Collected data

################

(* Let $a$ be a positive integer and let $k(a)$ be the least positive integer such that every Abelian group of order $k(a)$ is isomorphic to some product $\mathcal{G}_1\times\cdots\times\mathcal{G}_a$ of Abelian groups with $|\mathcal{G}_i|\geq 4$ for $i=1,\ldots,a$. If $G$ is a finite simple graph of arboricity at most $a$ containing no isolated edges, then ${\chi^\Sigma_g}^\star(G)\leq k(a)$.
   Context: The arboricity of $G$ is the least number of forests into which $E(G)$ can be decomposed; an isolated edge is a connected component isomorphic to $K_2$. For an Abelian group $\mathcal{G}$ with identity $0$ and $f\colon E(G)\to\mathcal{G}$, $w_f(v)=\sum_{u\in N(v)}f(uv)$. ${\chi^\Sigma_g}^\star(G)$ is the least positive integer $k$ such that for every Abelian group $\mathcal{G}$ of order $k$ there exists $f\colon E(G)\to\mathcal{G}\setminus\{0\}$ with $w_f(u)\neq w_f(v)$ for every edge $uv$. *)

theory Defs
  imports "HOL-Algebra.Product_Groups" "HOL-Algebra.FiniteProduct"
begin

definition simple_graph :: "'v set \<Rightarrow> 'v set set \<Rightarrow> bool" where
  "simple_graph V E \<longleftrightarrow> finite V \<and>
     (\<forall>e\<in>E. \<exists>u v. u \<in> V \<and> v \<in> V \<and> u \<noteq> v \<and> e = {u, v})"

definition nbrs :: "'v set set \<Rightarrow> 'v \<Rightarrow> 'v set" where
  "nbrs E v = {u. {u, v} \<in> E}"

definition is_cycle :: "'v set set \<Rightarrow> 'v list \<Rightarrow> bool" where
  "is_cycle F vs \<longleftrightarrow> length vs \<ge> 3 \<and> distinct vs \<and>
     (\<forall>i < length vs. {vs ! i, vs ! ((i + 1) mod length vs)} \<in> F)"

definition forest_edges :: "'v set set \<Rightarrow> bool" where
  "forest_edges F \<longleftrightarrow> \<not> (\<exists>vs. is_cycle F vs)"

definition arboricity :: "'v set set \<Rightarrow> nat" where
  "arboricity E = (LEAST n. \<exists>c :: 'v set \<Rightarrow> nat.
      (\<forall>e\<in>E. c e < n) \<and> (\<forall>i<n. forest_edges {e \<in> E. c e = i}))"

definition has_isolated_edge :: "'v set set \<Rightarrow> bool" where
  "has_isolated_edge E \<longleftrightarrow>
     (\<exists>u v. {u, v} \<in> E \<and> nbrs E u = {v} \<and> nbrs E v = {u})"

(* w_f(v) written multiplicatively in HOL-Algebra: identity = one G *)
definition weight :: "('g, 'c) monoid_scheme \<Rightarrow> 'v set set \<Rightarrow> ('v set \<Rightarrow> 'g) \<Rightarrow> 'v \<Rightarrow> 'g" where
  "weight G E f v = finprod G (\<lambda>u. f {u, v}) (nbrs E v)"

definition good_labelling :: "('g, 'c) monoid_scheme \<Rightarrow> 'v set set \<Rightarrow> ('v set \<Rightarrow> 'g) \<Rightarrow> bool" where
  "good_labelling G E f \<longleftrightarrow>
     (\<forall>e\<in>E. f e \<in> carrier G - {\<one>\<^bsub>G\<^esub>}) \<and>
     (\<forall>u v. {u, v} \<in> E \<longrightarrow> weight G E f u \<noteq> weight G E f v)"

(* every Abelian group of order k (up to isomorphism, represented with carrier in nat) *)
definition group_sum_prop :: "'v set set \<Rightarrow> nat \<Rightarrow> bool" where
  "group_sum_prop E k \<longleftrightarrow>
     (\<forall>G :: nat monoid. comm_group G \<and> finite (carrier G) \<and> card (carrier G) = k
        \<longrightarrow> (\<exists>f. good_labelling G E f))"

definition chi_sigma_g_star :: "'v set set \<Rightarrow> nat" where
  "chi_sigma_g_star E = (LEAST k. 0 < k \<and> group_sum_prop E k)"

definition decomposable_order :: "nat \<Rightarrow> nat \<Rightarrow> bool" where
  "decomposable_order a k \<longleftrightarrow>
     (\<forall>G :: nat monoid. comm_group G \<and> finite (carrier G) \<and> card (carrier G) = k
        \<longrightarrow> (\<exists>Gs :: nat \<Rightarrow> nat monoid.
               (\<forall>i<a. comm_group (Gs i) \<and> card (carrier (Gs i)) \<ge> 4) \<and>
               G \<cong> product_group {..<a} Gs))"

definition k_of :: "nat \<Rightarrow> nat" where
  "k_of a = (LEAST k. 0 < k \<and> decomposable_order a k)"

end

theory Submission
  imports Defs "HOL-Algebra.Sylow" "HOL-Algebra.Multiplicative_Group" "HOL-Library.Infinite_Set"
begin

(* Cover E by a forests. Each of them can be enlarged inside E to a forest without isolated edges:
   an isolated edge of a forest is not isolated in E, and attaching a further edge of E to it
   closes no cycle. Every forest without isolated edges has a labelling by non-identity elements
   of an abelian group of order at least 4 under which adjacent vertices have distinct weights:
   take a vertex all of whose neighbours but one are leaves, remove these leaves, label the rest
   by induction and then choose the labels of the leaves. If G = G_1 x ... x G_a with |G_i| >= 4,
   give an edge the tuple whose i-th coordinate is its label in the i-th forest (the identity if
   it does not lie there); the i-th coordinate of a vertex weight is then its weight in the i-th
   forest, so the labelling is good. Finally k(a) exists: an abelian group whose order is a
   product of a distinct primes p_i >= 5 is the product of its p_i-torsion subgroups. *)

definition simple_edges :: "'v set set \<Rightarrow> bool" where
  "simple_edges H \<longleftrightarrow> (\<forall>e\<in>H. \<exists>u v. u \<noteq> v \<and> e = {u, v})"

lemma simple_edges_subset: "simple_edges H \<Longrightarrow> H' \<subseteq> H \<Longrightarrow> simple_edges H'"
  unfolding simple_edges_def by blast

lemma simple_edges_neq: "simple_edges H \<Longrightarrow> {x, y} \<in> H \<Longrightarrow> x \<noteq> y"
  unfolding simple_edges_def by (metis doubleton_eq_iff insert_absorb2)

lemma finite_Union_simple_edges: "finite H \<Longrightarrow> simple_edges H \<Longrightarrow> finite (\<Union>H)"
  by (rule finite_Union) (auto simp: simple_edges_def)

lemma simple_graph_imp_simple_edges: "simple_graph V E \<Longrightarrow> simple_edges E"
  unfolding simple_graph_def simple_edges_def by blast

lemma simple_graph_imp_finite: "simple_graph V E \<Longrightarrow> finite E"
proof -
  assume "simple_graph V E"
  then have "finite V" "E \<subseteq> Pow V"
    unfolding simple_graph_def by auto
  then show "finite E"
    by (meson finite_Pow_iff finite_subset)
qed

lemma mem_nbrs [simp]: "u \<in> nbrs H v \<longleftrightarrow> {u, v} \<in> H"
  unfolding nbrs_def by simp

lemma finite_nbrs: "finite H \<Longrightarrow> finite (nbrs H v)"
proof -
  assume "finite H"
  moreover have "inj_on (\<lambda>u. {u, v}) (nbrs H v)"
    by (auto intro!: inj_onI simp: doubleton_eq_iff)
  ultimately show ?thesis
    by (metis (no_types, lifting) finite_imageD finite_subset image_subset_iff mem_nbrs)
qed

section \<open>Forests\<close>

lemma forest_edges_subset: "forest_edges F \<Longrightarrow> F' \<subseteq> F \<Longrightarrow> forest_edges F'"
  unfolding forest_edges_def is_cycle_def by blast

################

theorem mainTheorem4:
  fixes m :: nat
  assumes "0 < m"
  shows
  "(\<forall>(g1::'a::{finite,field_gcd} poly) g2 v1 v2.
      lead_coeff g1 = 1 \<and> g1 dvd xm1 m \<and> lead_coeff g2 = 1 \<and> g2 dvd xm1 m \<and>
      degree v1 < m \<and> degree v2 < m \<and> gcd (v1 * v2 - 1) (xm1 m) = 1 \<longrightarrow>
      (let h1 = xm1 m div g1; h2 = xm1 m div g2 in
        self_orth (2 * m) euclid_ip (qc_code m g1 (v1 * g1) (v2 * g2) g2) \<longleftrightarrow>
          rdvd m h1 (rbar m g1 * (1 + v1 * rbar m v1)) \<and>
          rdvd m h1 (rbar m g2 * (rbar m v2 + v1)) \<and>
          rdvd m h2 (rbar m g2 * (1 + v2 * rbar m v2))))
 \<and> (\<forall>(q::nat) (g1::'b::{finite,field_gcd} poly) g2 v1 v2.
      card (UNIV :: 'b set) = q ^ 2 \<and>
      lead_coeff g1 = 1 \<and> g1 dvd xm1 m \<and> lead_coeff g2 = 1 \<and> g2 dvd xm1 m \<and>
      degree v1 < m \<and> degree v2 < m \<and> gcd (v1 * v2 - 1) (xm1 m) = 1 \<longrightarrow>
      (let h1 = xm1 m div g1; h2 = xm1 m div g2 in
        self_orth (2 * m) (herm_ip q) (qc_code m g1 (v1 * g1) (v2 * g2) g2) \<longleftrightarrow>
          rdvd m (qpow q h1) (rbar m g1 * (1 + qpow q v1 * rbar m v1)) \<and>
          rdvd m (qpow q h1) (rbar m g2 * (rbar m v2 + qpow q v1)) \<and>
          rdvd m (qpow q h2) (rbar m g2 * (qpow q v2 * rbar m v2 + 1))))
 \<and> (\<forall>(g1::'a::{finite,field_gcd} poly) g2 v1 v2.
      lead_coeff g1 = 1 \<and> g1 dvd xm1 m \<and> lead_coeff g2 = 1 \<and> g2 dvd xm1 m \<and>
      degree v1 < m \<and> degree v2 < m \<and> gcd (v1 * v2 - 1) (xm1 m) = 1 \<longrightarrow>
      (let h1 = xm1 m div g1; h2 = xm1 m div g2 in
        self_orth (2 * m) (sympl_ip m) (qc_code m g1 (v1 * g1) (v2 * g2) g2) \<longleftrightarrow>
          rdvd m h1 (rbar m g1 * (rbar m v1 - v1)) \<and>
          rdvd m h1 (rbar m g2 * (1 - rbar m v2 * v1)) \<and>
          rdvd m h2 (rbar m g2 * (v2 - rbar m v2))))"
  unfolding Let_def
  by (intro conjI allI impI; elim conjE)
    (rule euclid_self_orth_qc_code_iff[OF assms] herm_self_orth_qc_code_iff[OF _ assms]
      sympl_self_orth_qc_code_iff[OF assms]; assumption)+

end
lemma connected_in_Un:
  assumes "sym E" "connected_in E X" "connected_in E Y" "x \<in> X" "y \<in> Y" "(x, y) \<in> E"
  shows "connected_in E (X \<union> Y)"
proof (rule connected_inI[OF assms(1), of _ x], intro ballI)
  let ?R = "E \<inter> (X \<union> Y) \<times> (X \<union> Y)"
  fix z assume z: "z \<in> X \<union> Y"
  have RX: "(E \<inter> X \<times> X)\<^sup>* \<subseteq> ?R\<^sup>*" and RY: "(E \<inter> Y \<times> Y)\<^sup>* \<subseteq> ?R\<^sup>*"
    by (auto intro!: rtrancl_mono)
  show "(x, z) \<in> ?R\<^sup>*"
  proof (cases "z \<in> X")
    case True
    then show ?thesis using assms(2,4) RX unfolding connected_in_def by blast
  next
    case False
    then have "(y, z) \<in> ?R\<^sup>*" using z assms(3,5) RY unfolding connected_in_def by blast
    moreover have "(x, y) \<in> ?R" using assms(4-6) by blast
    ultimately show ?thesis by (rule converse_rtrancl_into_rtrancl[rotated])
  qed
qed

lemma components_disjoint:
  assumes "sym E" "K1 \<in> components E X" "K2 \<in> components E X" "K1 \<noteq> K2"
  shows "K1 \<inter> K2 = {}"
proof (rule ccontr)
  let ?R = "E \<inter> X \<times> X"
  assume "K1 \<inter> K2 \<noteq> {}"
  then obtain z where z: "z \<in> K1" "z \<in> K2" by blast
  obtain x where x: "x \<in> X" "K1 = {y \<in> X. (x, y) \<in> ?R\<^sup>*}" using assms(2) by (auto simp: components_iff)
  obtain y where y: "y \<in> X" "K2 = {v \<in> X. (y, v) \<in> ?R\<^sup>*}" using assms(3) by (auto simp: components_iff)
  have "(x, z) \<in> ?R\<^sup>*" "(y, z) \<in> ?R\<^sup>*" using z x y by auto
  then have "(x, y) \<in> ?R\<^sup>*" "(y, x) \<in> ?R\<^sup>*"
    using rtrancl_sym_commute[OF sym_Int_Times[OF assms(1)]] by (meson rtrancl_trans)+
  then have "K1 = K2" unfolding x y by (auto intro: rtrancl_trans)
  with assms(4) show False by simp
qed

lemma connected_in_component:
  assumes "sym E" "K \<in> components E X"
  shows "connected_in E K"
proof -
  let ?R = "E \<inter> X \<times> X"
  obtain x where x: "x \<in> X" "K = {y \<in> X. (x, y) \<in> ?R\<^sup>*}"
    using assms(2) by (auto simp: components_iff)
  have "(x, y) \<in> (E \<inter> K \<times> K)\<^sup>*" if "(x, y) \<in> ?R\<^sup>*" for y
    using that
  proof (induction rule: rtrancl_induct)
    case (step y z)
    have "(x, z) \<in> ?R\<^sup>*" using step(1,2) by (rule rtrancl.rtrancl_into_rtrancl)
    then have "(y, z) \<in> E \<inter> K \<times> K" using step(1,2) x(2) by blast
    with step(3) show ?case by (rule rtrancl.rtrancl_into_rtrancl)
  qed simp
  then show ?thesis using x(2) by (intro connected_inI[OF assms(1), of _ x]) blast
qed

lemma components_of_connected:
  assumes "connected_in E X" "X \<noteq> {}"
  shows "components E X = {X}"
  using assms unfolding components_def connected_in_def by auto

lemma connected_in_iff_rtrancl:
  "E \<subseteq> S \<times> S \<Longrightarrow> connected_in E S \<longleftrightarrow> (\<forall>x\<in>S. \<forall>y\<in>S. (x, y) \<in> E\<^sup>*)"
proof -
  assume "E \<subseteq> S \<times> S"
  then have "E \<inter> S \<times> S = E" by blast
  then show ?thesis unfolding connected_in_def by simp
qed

################

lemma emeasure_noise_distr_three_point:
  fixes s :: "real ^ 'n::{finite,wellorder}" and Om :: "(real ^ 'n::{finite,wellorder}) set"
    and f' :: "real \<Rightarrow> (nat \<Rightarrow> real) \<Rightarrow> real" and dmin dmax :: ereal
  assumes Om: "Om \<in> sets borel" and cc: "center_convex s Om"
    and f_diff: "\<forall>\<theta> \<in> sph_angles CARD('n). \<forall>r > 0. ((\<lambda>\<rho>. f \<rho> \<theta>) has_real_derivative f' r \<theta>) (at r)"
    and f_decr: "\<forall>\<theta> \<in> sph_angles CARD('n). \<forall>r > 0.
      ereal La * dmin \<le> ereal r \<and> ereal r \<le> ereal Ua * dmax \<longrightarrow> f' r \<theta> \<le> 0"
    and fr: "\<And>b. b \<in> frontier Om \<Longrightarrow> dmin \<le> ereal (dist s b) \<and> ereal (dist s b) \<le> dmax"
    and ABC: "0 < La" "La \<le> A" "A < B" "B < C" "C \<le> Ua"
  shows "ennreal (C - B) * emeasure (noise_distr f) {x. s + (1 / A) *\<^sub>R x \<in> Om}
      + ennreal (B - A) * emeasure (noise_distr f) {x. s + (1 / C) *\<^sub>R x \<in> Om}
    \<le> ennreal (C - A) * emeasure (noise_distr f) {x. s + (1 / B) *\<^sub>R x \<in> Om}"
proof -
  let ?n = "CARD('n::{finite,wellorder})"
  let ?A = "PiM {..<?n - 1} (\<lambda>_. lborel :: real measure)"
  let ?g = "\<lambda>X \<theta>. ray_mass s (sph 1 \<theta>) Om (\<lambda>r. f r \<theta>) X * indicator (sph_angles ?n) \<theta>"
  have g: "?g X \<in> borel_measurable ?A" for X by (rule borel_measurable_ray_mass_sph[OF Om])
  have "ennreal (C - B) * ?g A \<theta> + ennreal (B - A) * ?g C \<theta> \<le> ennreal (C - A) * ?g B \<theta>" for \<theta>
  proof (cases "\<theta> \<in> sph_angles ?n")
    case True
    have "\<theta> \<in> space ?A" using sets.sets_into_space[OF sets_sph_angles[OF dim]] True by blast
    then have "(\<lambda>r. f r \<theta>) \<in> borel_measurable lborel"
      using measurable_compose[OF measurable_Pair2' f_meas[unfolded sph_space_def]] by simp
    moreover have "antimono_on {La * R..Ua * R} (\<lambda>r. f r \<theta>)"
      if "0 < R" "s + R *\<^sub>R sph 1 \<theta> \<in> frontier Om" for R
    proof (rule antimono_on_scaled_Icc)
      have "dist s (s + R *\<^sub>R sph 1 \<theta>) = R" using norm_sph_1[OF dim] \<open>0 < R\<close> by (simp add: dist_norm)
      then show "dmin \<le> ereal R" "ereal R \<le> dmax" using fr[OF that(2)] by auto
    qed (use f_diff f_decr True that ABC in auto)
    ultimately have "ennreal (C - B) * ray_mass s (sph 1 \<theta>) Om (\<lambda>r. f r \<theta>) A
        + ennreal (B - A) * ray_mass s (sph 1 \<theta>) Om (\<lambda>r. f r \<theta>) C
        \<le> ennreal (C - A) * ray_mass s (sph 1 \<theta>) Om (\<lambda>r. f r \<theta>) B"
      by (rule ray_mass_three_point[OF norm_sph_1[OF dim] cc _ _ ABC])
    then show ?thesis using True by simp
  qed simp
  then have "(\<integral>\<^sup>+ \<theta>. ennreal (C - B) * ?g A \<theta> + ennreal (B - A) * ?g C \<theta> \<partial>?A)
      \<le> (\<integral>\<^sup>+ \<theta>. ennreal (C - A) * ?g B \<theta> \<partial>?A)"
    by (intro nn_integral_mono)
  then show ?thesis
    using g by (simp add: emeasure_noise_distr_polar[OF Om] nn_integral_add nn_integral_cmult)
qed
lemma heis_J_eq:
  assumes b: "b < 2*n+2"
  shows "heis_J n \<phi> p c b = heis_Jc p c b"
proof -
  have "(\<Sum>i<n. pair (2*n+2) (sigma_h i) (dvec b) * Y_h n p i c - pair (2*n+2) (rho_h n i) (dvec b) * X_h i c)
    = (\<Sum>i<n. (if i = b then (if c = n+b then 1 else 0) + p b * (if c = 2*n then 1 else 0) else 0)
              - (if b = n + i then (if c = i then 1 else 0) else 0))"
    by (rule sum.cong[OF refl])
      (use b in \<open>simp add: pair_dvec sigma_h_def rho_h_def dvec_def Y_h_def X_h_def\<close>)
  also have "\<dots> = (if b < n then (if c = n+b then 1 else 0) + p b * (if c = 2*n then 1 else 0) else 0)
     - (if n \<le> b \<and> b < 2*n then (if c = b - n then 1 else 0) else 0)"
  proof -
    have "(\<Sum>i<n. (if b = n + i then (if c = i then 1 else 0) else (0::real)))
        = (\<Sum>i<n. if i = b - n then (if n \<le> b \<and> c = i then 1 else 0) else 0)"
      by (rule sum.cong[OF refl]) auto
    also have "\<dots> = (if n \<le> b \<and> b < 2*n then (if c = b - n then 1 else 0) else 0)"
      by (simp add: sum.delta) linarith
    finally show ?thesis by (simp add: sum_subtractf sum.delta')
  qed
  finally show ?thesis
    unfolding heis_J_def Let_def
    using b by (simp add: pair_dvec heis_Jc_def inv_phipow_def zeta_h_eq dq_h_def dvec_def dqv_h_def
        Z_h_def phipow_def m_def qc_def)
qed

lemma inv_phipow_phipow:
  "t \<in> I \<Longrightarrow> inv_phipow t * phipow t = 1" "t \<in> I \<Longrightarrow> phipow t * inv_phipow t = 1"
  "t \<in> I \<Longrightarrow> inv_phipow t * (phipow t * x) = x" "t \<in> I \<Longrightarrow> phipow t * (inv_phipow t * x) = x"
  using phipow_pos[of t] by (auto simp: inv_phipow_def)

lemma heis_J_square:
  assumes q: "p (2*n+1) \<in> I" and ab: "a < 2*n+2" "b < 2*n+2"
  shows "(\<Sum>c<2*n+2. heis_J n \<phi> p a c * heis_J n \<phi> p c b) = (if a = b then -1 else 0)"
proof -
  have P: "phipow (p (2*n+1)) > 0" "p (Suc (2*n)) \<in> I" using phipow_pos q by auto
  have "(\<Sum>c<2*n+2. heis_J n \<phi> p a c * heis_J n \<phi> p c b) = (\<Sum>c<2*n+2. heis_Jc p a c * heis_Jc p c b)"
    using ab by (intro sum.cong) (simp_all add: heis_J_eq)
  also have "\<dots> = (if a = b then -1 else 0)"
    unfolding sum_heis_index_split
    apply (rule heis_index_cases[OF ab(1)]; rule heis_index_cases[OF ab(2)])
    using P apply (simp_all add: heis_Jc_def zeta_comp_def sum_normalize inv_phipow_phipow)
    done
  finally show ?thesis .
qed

################

The line above containing "by (auto intro!: inj_onI", the line containing "unfolding forest_edges_def is_cycle_def", and every line between them are to be transcribed exactly; no other line is wanted.

*RESULT*.
    by (auto intro!: inj_onI simp: doubleton_eq_iff)
  ultimately show ?thesis
    by (metis (no_types, lifting) finite_imageD finite_subset image_subset_iff mem_nbrs)
qed

section \<open>Forests\<close>

lemma forest_edges_subset: "forest_edges F \<Longrightarrow> F' \<subseteq> F \<Longrightarrow> forest_edges F'"
  unfolding forest_edges_def is_cycle_def by blast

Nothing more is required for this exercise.